RECORDED INFORMATION:
lemma monoI_zerm:
  assumes f: "f \<in> hom C X Y"
    and trivial_kernel: "\<And>T y. y \<in> hom C T X \<Longrightarrow> cmp C f y = zerm C T Y \<Longrightarrow> y = zerm C T X"
  shows "is_mono C f"
proof (rule monoI[OF f])
  fix T y1 y2 assume y1: "y1 \<in> hom C T X" and y2: "y2 \<in> hom C T X"
    and eq: "cmp C f y1 = cmp C f y2"
  have n: "negm C y2 \<in> hom C T X" using negm_hom[OF y2] .
  have "cmp C f (addm C y1 (negm C y2)) = zerm C T Y"
    using cmp_addm_distrib_left[OF y1 n f] eq cmp_negm_right[OF y2 f]
      addm_negm_right[OF cmp_hom[OF y2 f]] by simp
  then have "addm C y1 (negm C y2) = zerm C T X" using trivial_kernel addm_hom[OF y1 n] by blast
  then show "y1 = y2" using negm_unique[OF y1 n] negm_negm[OF y2] by simp
qed

lemma epi_cmp:
  assumes f: "f \<in> hom C X Y" and g: "g \<in> hom C Y Z" and "is_epi C f" and "is_epi C g"
  shows "is_epi C (cmp C g f)"
proof (rule epiI[OF cmp_hom[OF f g]])
  fix T x y assume x: "x \<in> hom C Z T" and y: "y \<in> hom C Z T"
    and "cmp C x (cmp C g f) = cmp C y (cmp C g f)"
  then have "cmp C (cmp C x g) f = cmp C (cmp C y g) f" using cmp_assoc[OF f g] by simp
  then have "cmp C x g = cmp C y g" by (rule epiD[OF \<open>is_epi C f\<close> f cmp_hom[OF g x] cmp_hom[OF g y]])
  then show "x = y" using epiD[OF \<open>is_epi C g\<close> g x y] by simp
qed

lemma epi_cmp_cancel:
  assumes f: "f \<in> hom C X Y" and g: "g \<in> hom C Y Z" and epi: "is_epi C (cmp C g f)"
  shows "is_epi C g"
proof (rule epiI[OF g])
  fix T x y assume x: "x \<in> hom C Z T" and y: "y \<in> hom C Z T" and "cmp C x g = cmp C y g"
  then have "cmp C x (cmp C g f) = cmp C y (cmp C g f)" using cmp_assoc[OF f g] by metis
  then show "x = y" by (rule epiD[OF epi cmp_hom[OF f g] x y])
qed
lemma scaled_surplus_increment_le:
  assumes "0 < \<eta>" and gradient: "(scaled_surplus M eps \<eta> has_derivative (\<lambda>h. x \<bullet> h)) (at U)"
    and "\<And>j. \<bar>a $ j\<bar> \<le> K" and "\<And>k m z. k \<noteq> m \<Longrightarrow> g k m z \<le> G k m"
  shows "scaled_surplus M eps \<eta> (U + a) - scaled_surplus M eps \<eta> U
    \<le> x \<bullet> a + (\<Sum>k\<in>UNIV. \<Sum>m\<in>UNIV - {k}. G k m) * (2 * K\<^sup>2) / \<eta>"
proof -
  have "choice_prob \<eta> U = x"
    by (rule subgradient_eq_derivative[OF gradient choice_prob_subgradient[OF \<open>0 < \<eta>\<close>]])
  then show ?thesis
    using scaled_surplus_excess_le[OF assms(1,3,4), of U] by simp
qed

lemma surplus_zero_nonneg: "0 \<le> surplus M eps 0"
  using component_le_scaled_surplus[of 1 0] by (simp add: scaled_surplus_def)

end

theorem theorem1:
  fixes M :: "'a measure" and eps :: "'a \<Rightarrow> real ^ 'n"
    and g :: "'n \<Rightarrow> 'n \<Rightarrow> real \<Rightarrow> real" and zbar :: "'n \<Rightarrow> 'n \<Rightarrow> real"
    and \<alpha> \<eta> K :: real and T :: nat
    and u x :: "nat \<Rightarrow> real ^ 'n"
  assumes P: "prob_space M"
    and meas: "eps \<in> borel_measurable M"
    and integrable: "\<And>i. integrable M (\<lambda>\<omega>. eps \<omega> $ i)"
    and zero_mean: "\<And>i. (\<integral>\<omega>. eps \<omega> $ i \<partial>M) = 0"
    and abs_cont: "absolutely_continuous lborel (distr M lborel eps)"
    and full_support: "\<And>S. open S \<Longrightarrow> S \<noteq> {} \<Longrightarrow> measure (distr M lborel eps) S > 0"
    and g_nonneg: "\<And>k m z. k \<noteq> m \<Longrightarrow> 0 \<le> g k m z"
    and g_density: "\<And>k m. k \<noteq> m \<Longrightarrow>
          distributed M lborel (\<lambda>\<omega>. eps \<omega> $ m - eps \<omega> $ k) (\<lambda>z. ennreal (g k m z))"
    and g_mode: "\<And>k m z. k \<noteq> m \<Longrightarrow> g k m z \<le> g k m (zbar k m)"
    and alpha: "surplus M eps 0 \<le> \<alpha>"
    and eta_pos: "\<eta> > 0"
    and reward_bound: "\<And>t i. t \<in> {1..T} \<Longrightarrow> \<bar>u t $ i\<bar> \<le> K"
    and gradient: "\<And>t. t \<in> {1..T} \<Longrightarrow>
          (scaled_surplus M eps \<eta> has_derivative (\<lambda>h. x t \<bullet> h)) (at (\<Sum>s=1..t-1. u s))"
  shows "regret T x u \<le> \<eta> * \<alpha> +
            (2 * (\<Sum>i\<in>UNIV. \<Sum>j\<in>UNIV - {i}. g i j (zbar i j))) * K\<^sup>2 * real T / \<eta>
       \<and> (\<eta> = K * sqrt ((2 * (\<Sum>i\<in>UNIV. \<Sum>j\<in>UNIV - {i}. g i j (zbar i j))) * real T / \<alpha>) \<longrightarrow>
            regret T x u \<le> 2 * sqrt (\<alpha> * (2 * (\<Sum>i\<in>UNIV. \<Sum>j\<in>UNIV - {i}. g i j (zbar i j))) * real T) * K)"
proof -
  interpret random_utility M eps g
    using P integrable zero_mean g_nonneg g_density
    by (intro random_utility.intro random_utility_axioms.intro) auto
  define L where "L = 2 * (\<Sum>i\<in>UNIV. \<Sum>j\<in>UNIV - {i}. g i j (zbar i j))"
  have "0 \<le> L"
    unfolding L_def by (auto intro!: sum_nonneg g_nonneg)
  have step: "scaled_surplus M eps \<eta> ((\<Sum>s=1..t-1. u s) + u t) - scaled_surplus M eps \<eta> (\<Sum>s=1..t-1. u s)
      \<le> x t \<bullet> u t + L * K\<^sup>2 / \<eta>" if t: "t \<in> {1..T}" for t
  proof -
    have "(\<Sum>i\<in>UNIV. \<Sum>j\<in>UNIV - {i}. g i j (zbar i j)) * (2 * K\<^sup>2) / \<eta> = L * K\<^sup>2 / \<eta>"
      by (simp add: L_def)
    then show ?thesis
      using scaled_surplus_increment_le[OF eta_pos gradient[OF t] reward_bound[OF t] g_mode] by linarith
  qed
  have "regret T x u \<le> scaled_surplus M eps \<eta> 0 + real T * (L * K\<^sup>2 / \<eta>)"
    by (rule regret_le_potential[OF component_le_scaled_surplus[OF eta_pos] step])
  also have "\<dots> = \<eta> * surplus M eps 0 + L * K\<^sup>2 * real T / \<eta>"
    by (simp add: scaled_surplus_def)
  also have "\<dots> \<le> \<eta> * \<alpha> + L * K\<^sup>2 * real T / \<eta>"
    using alpha eta_pos by simp
  finally have main: "regret T x u \<le> \<eta> * \<alpha> + L * K\<^sup>2 * real T / \<eta>" .
  have "0 \<le> \<alpha>"
    using surplus_zero_nonneg alpha by linarith
  with main \<open>0 \<le> L\<close> have "regret T x u \<le> 2 * sqrt (\<alpha> * L * real T) * K"
    if "\<eta> = K * sqrt (L * real T / \<alpha>)"
    using tradeoff_at_balanced_eta[OF eta_pos _ _ that] by simp
  with main show ?thesis
    unfolding L_def by blast
qed

end
(* There exist $\delta_0 > 0$ and an absolute constant $C > 0$ such that for every $0 < \delta \leqslant \delta_0$ and all $m, n \in \mathbb{N}$ with $n$ even, the number of sum-free subsets $I \subset [n]$ with $|I| = m$ and $|I \setminus O_n| \leqslant \delta m$ is at most $2^{Cn/m} \binom{n/2}{m}$.
   Context: $[n] = \{1,\ldots,n\}$. A set of integers is sum-free if it contains no $x,y,z$ (not necessarily distinct) with $x+y=z$. $O_n$ is the set of odd numbers in $[n]$. The paper writes the bound as $2^{O(n/m)}\binom{n/2}{m}$, where $O(\cdot)$ hides an absolute constant. *)

theory Defs
  imports Complex_Main
begin

definition sum_free :: "nat set \<Rightarrow> bool" where
  "sum_free A \<longleftrightarrow> (\<forall>x\<in>A. \<forall>y\<in>A. \<forall>z\<in>A. x + y \<noteq> z)"

definition odds_upto :: "nat \<Rightarrow> nat set" where
  "odds_upto n = {x \<in> {1..n}. odd x}"

end

theory Submission
  imports Defs
begin

text \<open>Split a sum-free \<open>I \<subseteq> [n]\<close> into its even part \<open>E\<close>, of size \<open>k \<le> \<delta> m\<close>, and its odd
  part \<open>A\<close>, of size \<open>m - k\<close>. Since \<open>I\<close> is sum-free, \<open>A\<close> is independent in the graph on the
  odd numbers joining \<open>x\<close> and \<open>y\<close> whenever \<open>|x - y|\<close> or \<open>x + y\<close> lies in \<open>E\<close>. This graph has
  maximum degree \<open>\<le> 3 k\<close> but \<open>\<Theta>(k n)\<close> edges, and a Kahn-type bound for the independence
  polynomial evaluated at \<open>x = m / (n/2 - m)\<close>, where \<open>(1 + x) ^ (n/2)\<close> is about
  \<open>(n/2 choose m) x ^ m\<close>, shows that each edge costs a factor \<open>exp (- \<Theta>(x\<^sup>2))\<close>. The resulting
  saving pays for the \<open>(n/2 choose k)\<close> choices of \<open>E\<close> and the factor \<open>x ^ k\<close>, up to
  \<open>2 ^ O(n / m)\<close>; for sparse \<open>m\<close> only a bounded part of \<open>E\<close> is used, and for dense \<open>m\<close>
  there is no independent set of the required size at all.\<close>

section \<open>The independence polynomial of a graph\<close>

definition indep_set :: "('a \<Rightarrow> 'a \<Rightarrow> bool) \<Rightarrow> 'a set \<Rightarrow> bool" where
  "indep_set adj S \<longleftrightarrow> (\<forall>u\<in>S. \<forall>w\<in>S. \<not> adj u w)"
lemma vertical_image_subset:
  assumes "vertical_image a b c \<inter> vertical_image a b c' \<noteq> {}"
  shows "vertical_image a b c \<subseteq> vertical_image a b c'"
proof -
  obtain y y' where "kb_rel a b (c, y) (c', y')"
    using assms unfolding vertical_image_def by (auto simp: kb_pt_eq_iff)
  then obtain m :: int where c': "c' = c + of_int m * a"
    unfolding kb_rel_def by auto
  have "kb_pt a b (c, y) = kb_pt a b (c', if even m then y else - y)" for y
    unfolding kb_pt_eq_iff by (rule kb_relI[where m = m and n = 0]) (simp_all add: c')
  then show ?thesis
    unfolding vertical_image_def by blast
qed

lemma horizontal_image_subset:
  assumes "horizontal_image a b d \<inter> horizontal_image a b d' \<noteq> {}"
  shows "horizontal_image a b d \<subseteq> horizontal_image a b d'"
proof -
  obtain x x' where "kb_rel a b (x, d) (x', d')"
    using assms unfolding horizontal_image_def by (auto simp: kb_pt_eq_iff)
  then obtain m n :: int where d': "d' = (if even m then d else - d) + of_int n * b"
    unfolding kb_rel_def by (metis snd_conv)
  have "kb_pt a b (x, d) = kb_pt a b (x + of_int m * a, d')" for x
    unfolding kb_pt_eq_iff by (rule kb_relI[where m = m and n = n]) (simp_all add: d')
  then show ?thesis
    unfolding horizontal_image_def by blast
qed

lemma vertical_images_disjoint:
  "vertical_image a b c \<noteq> vertical_image a b c' \<Longrightarrow>
    vertical_image a b c \<inter> vertical_image a b c' = {}"
  by (metis Int_commute subset_antisym vertical_image_subset)

lemma horizontal_images_disjoint:
  "horizontal_image a b d \<noteq> horizontal_image a b d' \<Longrightarrow>
    horizontal_image a b d \<inter> horizontal_image a b d' = {}"
  by (metis Int_commute subset_antisym horizontal_image_subset)

lemma vertical_inter_horizontal:
  "vertical_image a b c \<inter> horizontal_image a b d \<subseteq> {kb_pt a b (c, d), kb_pt a b (c, - d)}"
proof
  fix z assume "z \<in> vertical_image a b c \<inter> horizontal_image a b d"
  then obtain x y where z: "z = kb_pt a b (c, y)" and "kb_pt a b (x, d) = z"
    unfolding vertical_image_def horizontal_image_def by blast
  then have "kb_rel a b (x, d) (c, y)"
    by (simp add: kb_pt_eq_iff)
  then obtain m n :: int where y: "y = (if even m then d else - d) + of_int n * b"
    unfolding kb_rel_def by (metis snd_conv)
  have "z = kb_pt a b (c, if even m then d else - d)"
    unfolding z kb_pt_eq_iff by (rule kb_rel_sym, rule kb_relI[where m = 0 and n = n]) (simp_all add: y)
  then show "z \<in> {kb_pt a b (c, d), kb_pt a b (c, - d)}"
    by auto
qed
lemma full_flagD:
  assumes "full_flag n F" "i \<le> n"
  shows "cs.subspace (F i)" "F i \<subseteq> ambient n" "cs.dim (F i) = i"
proof -
  have "cs.subspace (F i) \<and> F i \<subseteq> ambient n \<and> cs.dim (F i) = i"
  proof (cases "i = 0")
    case True
    then show ?thesis
      using assms(1) cs.subspace_single_0 cs.dim_eq_card_independent[OF cs.independent_empty]
        cs.dim_span[of "{}"] cs.span_empty
      by (auto simp: full_flag_def ambient_def zero_fun_def)
  next
    case False
    then show ?thesis
      using assms by (auto simp: full_flag_def subsp_dim_def)
  qed
  then show "cs.subspace (F i)" "F i \<subseteq> ambient n" "cs.dim (F i) = i"
    by auto
qed

lemma full_flag_mono:
  assumes "full_flag n F" "a \<le> b" "b \<le> n"
  shows "F a \<subseteq> F b"
  using assms(2,3)
proof (induction b rule: dec_induct)
  case (step m)
  have "F m \<subseteq> F (Suc m)"
  proof (cases "m = 0")
    case True
    then show ?thesis
      using assms(1) cs.subspace_0[OF full_flagD(1)[OF assms(1), of 1]] step
      by (auto simp: full_flag_def)
  next
    case False
    then show ?thesis
      using assms(1) step by (auto simp: full_flag_def)
  qed
  then show ?case
    using step by auto
qed simp

lemma full_flag_fun_upd:
  assumes F: "full_flag n F" and m: "1 \<le> m" "m < n" and W: "subsp_dim n W m"
    and "F (m - 1) \<subseteq> W" "W \<subseteq> F (Suc m)"
  shows "full_flag n (F(m := W))"
  unfolding full_flag_def
proof (intro conjI ballI allI impI)
  fix i assume "i \<in> {1..n}"
  then show "subsp_dim n ((F(m := W)) i) i"
    using F W by (auto simp: full_flag_def)
next
  fix i assume "i \<in> {1..<n}"
  then show "(F(m := W)) i \<subseteq> (F(m := W)) (Suc i)"
    using F assms(5,6) by (cases "i = m"; cases "Suc i = m") (auto simp: full_flag_def)
qed (use F m in \<open>auto simp: full_flag_def\<close>)

lemma full_flag_avoid_at:
  assumes F: "full_flag n F" and m: "1 \<le> m" "m < n" and v: "v \<notin> F (m - 1)"
  shows "\<exists>W. full_flag n (F(m := W)) \<and> v \<notin> W"
proof (cases "v \<in> F (Suc m)")
  case True
  have le: "m - 1 \<le> n" "Suc m \<le> n" "m - 1 \<le> Suc m"
    using m by auto
  obtain W where W: "cs.subspace W" "F (m - 1) \<subseteq> W" "W \<subseteq> F (Suc m)" "v \<notin> W"
      "cs.dim W + 1 = cs.dim (F (Suc m))"
    using cs.exists_hyperplane_avoiding[of "F (m - 1)" "F (Suc m)" v "unit_vec ` {..<n}"]
      full_flagD[OF F] full_flag_mono[OF F le(3,2)] ambient_subset_span_unit_vec le True v
    by (meson finite_imageI finite_lessThan order_trans)
  have "subsp_dim n W m"
    using W full_flagD[OF F le(2)] by (auto simp: subsp_dim_def)
  then show ?thesis
    using full_flag_fun_upd[OF F m] W by blast
next
  case False
  have "F (m := F m) = F" "v \<notin> F m"
    using False full_flag_mono[OF F, of m "Suc m"] m by auto
  then show ?thesis
    using F by metis
qed

lemma full_flag_avoid_between:
  assumes F: "full_flag n F" and "a < b" "b \<le> n" and v: "v \<notin> F a"
  shows "\<exists>F'. full_flag n F' \<and> (\<forall>j. j \<notin> {a<..<b} \<longrightarrow> F' j = F j) \<and> v \<notin> F' (b - 1)"
proof -
  have "Suc a \<le> b"
    using \<open>a < b\<close> by simp
  then show ?thesis
    using \<open>b \<le> n\<close>
  proof (induction b rule: dec_induct)
    case base
    show ?case
      using F v by auto
  next
    case (step m)
    then obtain F' where F': "full_flag n F'" "\<forall>j. j \<notin> {a<..<m} \<longrightarrow> F' j = F j"
        "v \<notin> F' (m - 1)"
      by auto
    have "1 \<le> m" "m < n"
      using step by auto
    then obtain W where W: "full_flag n (F'(m := W))" "v \<notin> W"
      using full_flag_avoid_at[OF F'(1) _ _ F'(3)] by blast
    have "\<forall>j. j \<notin> {a<..<Suc m} \<longrightarrow> (F'(m := W)) j = F j"
      using F'(2) step(1) by auto
    then show ?case
      using W by force
  qed
qed

lemma subspace_of_type_memI:
  assumes "subspace_of_type n I U" "F \<in> U" "full_flag n F'" "\<forall>j. j \<notin> I \<longrightarrow> F' j = F j"
  shows "F' \<in> U"
  using assms unfolding subspace_of_type_def by auto

lemma nilN_image_subset_if_between_type:
  assumes U: "subspace_of_type n I U" "U \<subseteq> springer_fibre n k" and "F \<in> U"
    and "a < b" "b \<le> n" "{a<..<b} \<subseteq> I"
  shows "nilN n k ` F b \<subseteq> F a"
proof
  fix v assume v: "v \<in> nilN n k ` F b"
  show "v \<in> F a"
  proof (rule ccontr)
    assume "v \<notin> F a"
    moreover have "full_flag n F"
      using \<open>F \<in> U\<close> U(2) by (auto simp: springer_fibre_def)
    ultimately obtain F' where F': "full_flag n F'" "\<forall>j. j \<notin> {a<..<b} \<longrightarrow> F' j = F j"
        "v \<notin> F' (b - 1)"
      using full_flag_avoid_between \<open>a < b\<close> \<open>b \<le> n\<close> by blast
    have "F' \<in> U"
      using subspace_of_type_memI[OF U(1) \<open>F \<in> U\<close> F'(1)] F'(2) \<open>{a<..<b} \<subseteq> I\<close> by blast
    moreover have "b \<in> {1..n}"
      using \<open>a < b\<close> \<open>b \<le> n\<close> by auto
    ultimately have "nilN n k ` F' b \<subseteq> F' (b - 1)"
      using U(2) unfolding springer_fibre_def by blast
    then show False
      using v F'(2,3) by auto
  qed
qed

THE TASK:
Would you print exactly, and only, the lines of the data above from the line with "by (rule regret_le_potential[OF" through the line with "using surplus_zero_nonneg alpha", inclusive?

ANSWER SECTION:
    by (rule regret_le_potential[OF component_le_scaled_surplus[OF eta_pos] step])
  also have "\<dots> = \<eta> * surplus M eps 0 + L * K\<^sup>2 * real T / \<eta>"
    by (simp add: scaled_surplus_def)
  also have "\<dots> \<le> \<eta> * \<alpha> + L * K\<^sup>2 * real T / \<eta>"
    using alpha eta_pos by simp
  finally have main: "regret T x u \<le> \<eta> * \<alpha> + L * K\<^sup>2 * real T / \<eta>" .
  have "0 \<le> \<alpha>"
    using surplus_zero_nonneg alpha by linarith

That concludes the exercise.